## Input data
*** Begin section ***

(* Assume Hypotheses (LD) and (LD0). Then for every $\delta_0>0$ there exists an open neighborhood $V_0$ of $M_0$ such that $$\lim_{\varepsilon\to0}\frac{\beta_{\delta_0}(\varepsilon)}{\inf_{x\in V_0}p^\varepsilon(x,M_0)}=0.$$
   Context: Setting. Let $M\subset\mathbb{R}^d$ be closed; all topological notions are relative to $M$. Let $F:M\to M$ be continuous with $\|F\|:=\sup_{x\in M}\|F(x)\|<\infty$. For $A\subset M$ and $\delta>0$, put $N^\delta(A)=\{x\in M:\inf_{y\in A}\|x-y\|<\delta\}$, and let $d(x,y)=\max_i|x_i-y_i|$. Let $\{X^\varepsilon\}_{\varepsilon>0}$ be a family of time-homogeneous Markov chains on $M$ with transition kernels $p^\varepsilon(x,\Gamma)$. Put $\beta_\delta(\varepsilon):=\sup_{x\in M}p^\varepsilon(x,M\setminus N^\delta(F(x)))$. Assume $M=M_0\cup M_1$ (disjoint), where $M_0$ is closed, $F(M_0)\subseteq M_0$, $F(M_1)\subseteq M_1$, and $p^\varepsilon(x,M_1)=0$ for all $\varepsilon>0$ and $x\in M_0$. Hypothesis (LD). There is $\rho:M\times M\to[0,+\infty]$ such that: (i) $\rho$ is continuous on $M_1\times M$; (ii) $\rho(x,y)=0$ iff $y=F(x)$; (iii) for every $\beta>0$, $\inf\{\rho(x,y):x,y\in M,\ d(F(x),y)>\beta\}>0$; (iv) lower bound: for every compact $K\subset M_1$, every open ball $U$ of $M$ and every $\eta>0$, there is $\varepsilon_0>0$ such that $\varepsilon\log p^\varepsilon(x,U)\ge-\inf_{y\in U}\rho(x,y)-\eta$ for all $x\in K$ and $\varepsilon<\varepsilon_0$; (v) upper bound: for every closed $C\subset M$ and every $\eta>0$, there is $\varepsilon_0>0$ such that $\varepsilon\log p^\varepsilon(x,C)\le-\inf_{y\in C}\rho(x,y)+\eta$ for all $x\in M$ and $\varepsilon<\varepsilon_0$. Hypothesis (LD0). For every $c>0$ there is an open neighborhood $V_0$ of $M_0$ with $\liminf_{\varepsilon\to0}\inf_{x\in V_0}\varepsilon\log p^\varepsilon(x,M_0)\ge-c$. *)

theory Defs
  imports "HOL-Probability.Probability"
begin

definition dmax :: "real^'d \<Rightarrow> real^'d \<Rightarrow> real" where
  "dmax x y = Max (range (\<lambda>i. \<bar>x$i - y$i\<bar>))"

definition elog :: "real \<Rightarrow> ereal" where
  "elog t = (if t > 0 then ereal (ln t) else -\<infinity>)"

definition pk :: "(real \<Rightarrow> real^'d \<Rightarrow> (real^'d) measure) \<Rightarrow> real \<Rightarrow> real^'d \<Rightarrow> (real^'d) set \<Rightarrow> real" where
  "pk K e x G = measure (K e x) G"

*** End section ***

## Work task
Find every line above where the word "ereal" occurs, and copy that line.

## Exercise result
definition elog :: "real \<Rightarrow> ereal" where
  "elog t = (if t > 0 then ereal (ln t) else -\<infinity>)"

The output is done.